Philautus refugii
- Conservation status: Vulnerable (IUCN 3.1)

Scientific classification
- Kingdom: Animalia
- Phylum: Chordata
- Class: Amphibia
- Order: Anura
- Family: Rhacophoridae
- Genus: Philautus
- Species: P. refugii
- Binomial name: Philautus refugii Inger & Stuebing, 1996

= Philautus refugii =

- Authority: Inger & Stuebing, 1996
- Conservation status: VU

Species of frog

Philautus refugii is a species of frog in the family Rhacophoridae.
It is found in Malaysia and possibly Indonesia.
Its natural habitat is subtropical or tropical moist lowland forests. It has been observed in two different places, one 840 metres above sea level and one between 900 and 1490 metres above sea level.

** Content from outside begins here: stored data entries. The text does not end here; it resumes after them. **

(* Let $\Gamma$ be a discrete group with identity $e$, and let $L:\Gamma\to\mathbb{R}_+$ be a length function on $\Gamma$ with $L(g)>0$ for $g\ne e$, such that $\{g\in\Gamma:L(g)\le c\}$ is finite for every $c>0$ and $\sum_{g\neq e}\frac{1}{L(g)^2}<\infty$. Then $d(\varphi,\psi)<\infty$ for all states $\varphi,\psi$ of $C^*_r(\Gamma)$, and the metric $d$ induces on the state space $\mathcal{S}(C^*_r(\Gamma))$ the weak-$*$ topology.
   Context: A length function satisfies $L(gh)\le L(g)+L(h)$, $L(g^{-1})=L(g)$, $L(e)=0$. $C^*_r(\Gamma)$ is the reduced group C$^*$-algebra acting on $\ell^2(\Gamma)$ by the left regular representation ($\lambda_g\delta_h=\delta_{gh}$). $D$ is the unbounded operator on $\ell^2(\Gamma)$ with $D\delta_g=L(g)\delta_g$. For states $\varphi,\psi$ of $C^*_r(\Gamma)$, $d(\varphi,\psi)=\sup\{|\varphi(a)-\psi(a)|: a\in C^*_r(\Gamma),\ [D,a]\text{ bounded with }\|[D,a]\|\le1\}$. *)

theory Defs
  imports "HOL-Analysis.Analysis"
begin

text \<open>Vectors of l2(Gamma) are functions Gamma => complex; (bounded) operators are
  maps between such functions, normalised to be 0 outside l2.
  The group Gamma is written additively (type class group_add, not necessarily
  commutative): identity 0, product g + h, inverse -g.\<close>

type_synonym 'g vec = "'g \<Rightarrow> complex"
type_synonym 'g op = "'g vec \<Rightarrow> 'g vec"
lemma convex_mean_logN: "convex_on {-h<..<h} mean_logN"
proof (rule convex_on_realI[where f'=mean_logN_dy])
  show "connected {-h<..<h}" by simp
  fix x assume "x \<in> {-h<..<h}"
  thus "(mean_logN has_real_derivative mean_logN_dy x) (at x)" by (intro DERIV_mean_logN) (simp add: abs_less_iff)
next
  fix x y assume "x \<in> {-h<..<h}" "y \<in> {-h<..<h}" "x \<le> y"
  thus "mean_logN_dy x \<le> mean_logN_dy y" by (intro mono_mean_logN_dy) (auto simp: abs_less_iff)
qed

end

section \<open>Hyperbolic contraction of \<open>w \<mapsto> e - 1/w\<close>\<close>

lemma Im_one_div: "Im (1 / u) = - Im u / (cmod u)^2"
  by (simp add: Im_divide cmod_power2)

lemma norm_one_div_le: "0 < c \<Longrightarrow> c \<le> \<bar>Im u\<bar> \<Longrightarrow> cmod (1 / u) \<le> 1 / c"
  using abs_Im_le_cmod[of u] by (simp add: norm_divide frac_le)

text \<open>For \<open>\<sigma> = \<plusminus>1\<close> and \<open>a, b\<close> in the half-plane \<open>\<sigma> Im > 0\<close>, this is \<open>2 (cosh d - 1)\<close>,
  \<open>d\<close> the hyperbolic distance of \<open>a\<close> and \<open>b\<close>.\<close>

definition hyperbolic_ratio :: "real \<Rightarrow> complex \<Rightarrow> complex \<Rightarrow> real" where
  "hyperbolic_ratio \<sigma> a b = (cmod (a - b))^2 / ((\<sigma> * Im a) * (\<sigma> * Im b))"

lemma hyperbolic_ratio_nonneg: "0 < \<sigma> * Im a \<Longrightarrow> 0 < \<sigma> * Im b \<Longrightarrow> 0 \<le> hyperbolic_ratio \<sigma> a b"
  by (simp add: hyperbolic_ratio_def)

lemma Im_minus_one_div_ge:
  fixes a e :: complex and \<sigma> c :: real
  assumes c: "0 < c" and e: "c \<le> \<sigma> * Im e" and a: "c \<le> \<sigma> * Im a" and sign: "\<sigma> = 1 \<or> \<sigma> = -1"
  shows "(1 + c^2) * (\<sigma> * Im a) / (cmod a)^2 \<le> \<sigma> * Im (e - 1/a)"
proof -
  have a_pos: "0 < (cmod a)^2" using a c by auto
  have "c * (\<sigma> * Im a) \<le> (\<sigma> * Im a)^2" using a c by (simp add: power2_eq_square mult_right_mono)
  also have "\<dots> = (Im a)^2" using sign by auto
  also have "\<dots> \<le> (cmod a)^2" by (simp add: cmod_power2)
  finally have "c^2 * (\<sigma> * Im a) / (cmod a)^2 \<le> c"
    using a_pos c by (simp add: power2_eq_square divide_le_eq mult.assoc mult_left_mono)
  moreover have "\<sigma> * Im (e - 1/a) = \<sigma> * Im e + \<sigma> * Im a / (cmod a)^2"
    by (simp add: Im_one_div algebra_simps)
  ultimately show ?thesis using e by (simp add: add_divide_distrib distrib_right)
qed

lemma hyperbolic_ratio_contraction:
  fixes a b e :: complex and \<sigma> c :: real
  assumes c: "0 < c" and e: "c \<le> \<sigma> * Im e" and a: "c \<le> \<sigma> * Im a" and b: "c \<le> \<sigma> * Im b"
    and sign: "\<sigma> = 1 \<or> \<sigma> = -1"
  shows "hyperbolic_ratio \<sigma> (e - 1/a) (e - 1/b) \<le> (1 / (1 + c^2))^2 * hyperbolic_ratio \<sigma> a b"
proof -
  let ?A = "(cmod a)^2" and ?B = "(cmod b)^2"
  have A: "0 < ?A" and B: "0 < ?B" using a b c by auto
  have a_pos: "0 < \<sigma> * Im a" and b_pos: "0 < \<sigma> * Im b" using a b c by linarith+
  have num: "(cmod ((e - 1/a) - (e - 1/b)))^2 = (cmod (a - b))^2 / (?A * ?B)"
  proof -
    have "(e - 1/a) - (e - 1/b) = (a - b) / (a * b)" using A B by (auto simp: field_simps)
    thus ?thesis by (simp add: norm_divide norm_mult power_divide power_mult_distrib)
  qed
  let ?pa = "(1 + c^2) * (\<sigma> * Im a) / ?A" and ?pb = "(1 + c^2) * (\<sigma> * Im b) / ?B"
  have c2: "0 < 1 + c^2" by (simp add: add_pos_nonneg)
  have pa: "0 < ?pa" and pb: "0 < ?pb" using c2 a_pos b_pos A B by simp_all
  have ga: "?pa \<le> \<sigma> * Im (e - 1/a)" and gb: "?pb \<le> \<sigma> * Im (e - 1/b)"
    using Im_minus_one_div_ge[OF c e a sign] Im_minus_one_div_ge[OF c e b sign] .
  have den: "?pa * ?pb \<le> (\<sigma> * Im (e - 1/a)) * (\<sigma> * Im (e - 1/b))"
    by (rule mult_mono[OF ga gb]) (use pa pb ga in linarith)+
  have "hyperbolic_ratio \<sigma> (e - 1/a) (e - 1/b) \<le> ((cmod (a - b))^2 / (?A * ?B)) / (?pa * ?pb)"
  proof -
    have pp: "0 < ?pa * ?pb" using pa pb by (rule mult_pos_pos)
    hence "0 < (\<sigma> * Im (e - 1/a)) * (\<sigma> * Im (e - 1/b))" using den by linarith
    hence "0 < (\<sigma> * Im (e - 1/a)) * (\<sigma> * Im (e - 1/b)) * (?pa * ?pb)" using pp by (rule mult_pos_pos)
    thus ?thesis unfolding hyperbolic_ratio_def num by (rule divide_left_mono[OF den, rotated]) simp
  qed
  also have "\<dots> = (1 / (1 + c^2))^2 * hyperbolic_ratio \<sigma> a b"
    using A B a_pos b_pos c2 unfolding hyperbolic_ratio_def by (simp add: field_simps power2_eq_square)
  finally show ?thesis .
qed


lemma abs_ln_diff_le:
  fixes c x y :: real
  assumes c: "0 < c" "c \<le> x" "c \<le> y"
  shows "\<bar>ln x - ln y\<bar> \<le> \<bar>x - y\<bar> / c"
proof -
  have g: "ln x - ln y \<le> \<bar>x - y\<bar> / c" if xy: "c \<le> x" "c \<le> y" for x y :: real
  proof -
    have xp: "0 < x" "0 < y" using xy c by linarith+
    have "ln x - ln y = ln (x / y)" using xp by (simp add: ln_div)
    also have "\<dots> \<le> x / y - 1" using xp by (intro ln_le_minus_one) simp
    also have "\<dots> = (x - y) / y" using xp by (simp add: field_simps)
    also have "\<dots> \<le> \<bar>x - y\<bar> / y" using xp by (simp add: divide_right_mono)
    also have "\<dots> \<le> \<bar>x - y\<bar> / c" using xp xy c by (intro divide_left_mono) auto
    finally show ?thesis .
  qed
  show ?thesis using g[of x y] g[of y x] c by (simp add: abs_minus_commute)
qed

section \<open>Analytic quasi-periodic potentials\<close>

locale analytic_potential =
  fixes v :: "complex \<Rightarrow> complex" and \<alpha> h :: real
  assumes h_pos: "0 < h"
    and holo_v: "v holomorphic_on strip h"
    and periodic_v: "\<And>z. z \<in> strip h \<Longrightarrow> v (z + of_real (2 * pi)) = v z"
    and bounded_v: "bounded (v ` strip h)"
    and real_v: "\<And>x::real. v (of_real x) \<in> \<real>"
begin

lemma holomorphic_on_v_shift: "(\<lambda>z. v (z + of_real c)) holomorphic_on strip h"
proof -
  have "(v \<circ> (\<lambda>z. z + of_real c)) holomorphic_on strip h"
    by (rule holomorphic_on_compose_gen) (auto intro!: holomorphic_intros holo_v)
  thus ?thesis by (simp add: o_def)
qed

lemma holomorphic_on_Mn_nth: "(\<lambda>z. Mn v \<alpha> n E z $ i $ j) holomorphic_on strip h"
proof (induction n arbitrary: i j)
  case 0 then show ?case by (simp add: mat_def)
next
  case (Suc n)
  have Smat: "(\<lambda>z. Smat v E (z + of_real c) $ i $ k) holomorphic_on strip h" for c k
    using exhaust_2[of i] exhaust_2[of k] holomorphic_on_v_shift[of c]
    by (auto simp: Smat_nth intro!: holomorphic_intros)
  show ?case
    unfolding Mn.simps matrix_matrix_mult_2 by (intro holomorphic_on_add holomorphic_on_mult Smat Suc.IH)
qed

lemma continuous_on_Mn: "continuous_on (strip h) (\<lambda>z. Mn v \<alpha> n E z)"
proof -
  have "continuous_on (strip h) (\<lambda>z. \<chi> i j. Mn v \<alpha> n E z $ i $ j)"
    by (intro continuous_on_vec_lambda holomorphic_on_imp_continuous_on holomorphic_on_Mn_nth)
  thus ?thesis by simp
qed

lemma v_periodic_shift:
  "z \<in> strip h \<Longrightarrow> v (z + of_real (2*pi) + of_real c) = v (z + of_real c)"
  using periodic_v[of "z + of_real c"] by (simp add: algebra_simps)

lemma Mn_periodic: "z \<in> strip h \<Longrightarrow> Mn v \<alpha> n E (z + of_real (2*pi)) = Mn v \<alpha> n E z"
  by (induction n) (simp_all add: Smat_def v_periodic_shift del: of_real_mult)

definition log_Mn :: "nat \<Rightarrow> complex \<Rightarrow> complex \<Rightarrow> real" where
  "log_Mn n E z = ln (mat_opnorm (Mn v \<alpha> n E z))"

definition mean_log_Mn :: "complex \<Rightarrow> real \<Rightarrow> nat \<Rightarrow> real" where
  "mean_log_Mn E y n = integral {0..2*pi} (\<lambda>x. log_Mn n E (Complex x y))"

lemma log_Mn_nonneg: "0 \<le> log_Mn n E z"
  unfolding log_Mn_def using mat_opnorm_Mn_ge_1 by simp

This frog is classified as vulnerable to extinction because of habitat loss attributable to logging and the conversion of forest to palm oil plantations.

The adult male frog measures about 18–22 mm in snout-vent length, and the adult female frog is about 18–20 mm long. This frog has been observed on shrub plants. Male frogs sit about 2 meters above the ground and call to the female frogs. This frog undergoes direct development, hatching as a froglet with no free-swimming tadpole stage.